# SUPPLIED INFORMATION
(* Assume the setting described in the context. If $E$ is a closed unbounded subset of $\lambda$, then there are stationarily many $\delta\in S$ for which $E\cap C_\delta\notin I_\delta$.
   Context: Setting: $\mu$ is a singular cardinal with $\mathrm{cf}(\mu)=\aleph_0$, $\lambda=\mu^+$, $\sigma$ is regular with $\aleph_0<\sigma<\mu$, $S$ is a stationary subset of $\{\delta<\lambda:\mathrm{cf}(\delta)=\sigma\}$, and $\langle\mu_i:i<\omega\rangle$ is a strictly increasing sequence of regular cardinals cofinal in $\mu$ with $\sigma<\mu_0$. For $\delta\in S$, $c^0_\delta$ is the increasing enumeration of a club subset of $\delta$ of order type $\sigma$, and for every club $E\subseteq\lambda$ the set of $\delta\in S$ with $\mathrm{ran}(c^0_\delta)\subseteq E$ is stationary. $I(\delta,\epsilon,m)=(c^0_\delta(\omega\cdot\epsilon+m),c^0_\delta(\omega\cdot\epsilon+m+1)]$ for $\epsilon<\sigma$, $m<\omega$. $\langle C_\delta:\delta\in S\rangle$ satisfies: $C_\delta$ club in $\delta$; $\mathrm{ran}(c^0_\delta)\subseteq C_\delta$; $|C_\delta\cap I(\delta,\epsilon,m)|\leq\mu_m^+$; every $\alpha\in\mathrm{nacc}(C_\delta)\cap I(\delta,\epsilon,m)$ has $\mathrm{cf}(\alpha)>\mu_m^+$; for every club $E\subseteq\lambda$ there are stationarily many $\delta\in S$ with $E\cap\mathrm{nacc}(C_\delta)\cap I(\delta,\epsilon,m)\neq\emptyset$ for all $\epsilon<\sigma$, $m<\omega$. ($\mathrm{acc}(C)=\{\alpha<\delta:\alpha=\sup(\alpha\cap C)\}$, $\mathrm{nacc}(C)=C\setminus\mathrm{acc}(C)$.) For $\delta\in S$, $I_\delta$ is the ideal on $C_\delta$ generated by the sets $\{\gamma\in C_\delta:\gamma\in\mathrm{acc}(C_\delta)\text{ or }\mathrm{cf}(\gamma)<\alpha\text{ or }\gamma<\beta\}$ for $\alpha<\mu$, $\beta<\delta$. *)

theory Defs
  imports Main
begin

# PROBLEM
The records above, in their entirety, need to be set down again exactly.

# RESPONSE TO THE EXERCISE
(* Assume the setting described in the context. If $E$ is a closed unbounded subset of $\lambda$, then there are stationarily many $\delta\in S$ for which $E\cap C_\delta\notin I_\delta$.
   Context: Setting: $\mu$ is a singular cardinal with $\mathrm{cf}(\mu)=\aleph_0$, $\lambda=\mu^+$, $\sigma$ is regular with $\aleph_0<\sigma<\mu$, $S$ is a stationary subset of $\{\delta<\lambda:\mathrm{cf}(\delta)=\sigma\}$, and $\langle\mu_i:i<\omega\rangle$ is a strictly increasing sequence of regular cardinals cofinal in $\mu$ with $\sigma<\mu_0$. For $\delta\in S$, $c^0_\delta$ is the increasing enumeration of a club subset of $\delta$ of order type $\sigma$, and for every club $E\subseteq\lambda$ the set of $\delta\in S$ with $\mathrm{ran}(c^0_\delta)\subseteq E$ is stationary. $I(\delta,\epsilon,m)=(c^0_\delta(\omega\cdot\epsilon+m),c^0_\delta(\omega\cdot\epsilon+m+1)]$ for $\epsilon<\sigma$, $m<\omega$. $\langle C_\delta:\delta\in S\rangle$ satisfies: $C_\delta$ club in $\delta$; $\mathrm{ran}(c^0_\delta)\subseteq C_\delta$; $|C_\delta\cap I(\delta,\epsilon,m)|\leq\mu_m^+$; every $\alpha\in\mathrm{nacc}(C_\delta)\cap I(\delta,\epsilon,m)$ has $\mathrm{cf}(\alpha)>\mu_m^+$; for every club $E\subseteq\lambda$ there are stationarily many $\delta\in S$ with $E\cap\mathrm{nacc}(C_\delta)\cap I(\delta,\epsilon,m)\neq\emptyset$ for all $\epsilon<\sigma$, $m<\omega$. ($\mathrm{acc}(C)=\{\alpha<\delta:\alpha=\sup(\alpha\cap C)\}$, $\mathrm{nacc}(C)=C\setminus\mathrm{acc}(C)$.) For $\delta\in S$, $I_\delta$ is the ideal on $C_\delta$ generated by the sets $\{\gamma\in C_\delta:\gamma\in\mathrm{acc}(C_\delta)\text{ or }\mathrm{cf}(\gamma)<\alpha\text{ or }\gamma<\beta\}$ for $\alpha<\mu$, $\beta<\delta$. *)

theory Defs
  imports Main
begin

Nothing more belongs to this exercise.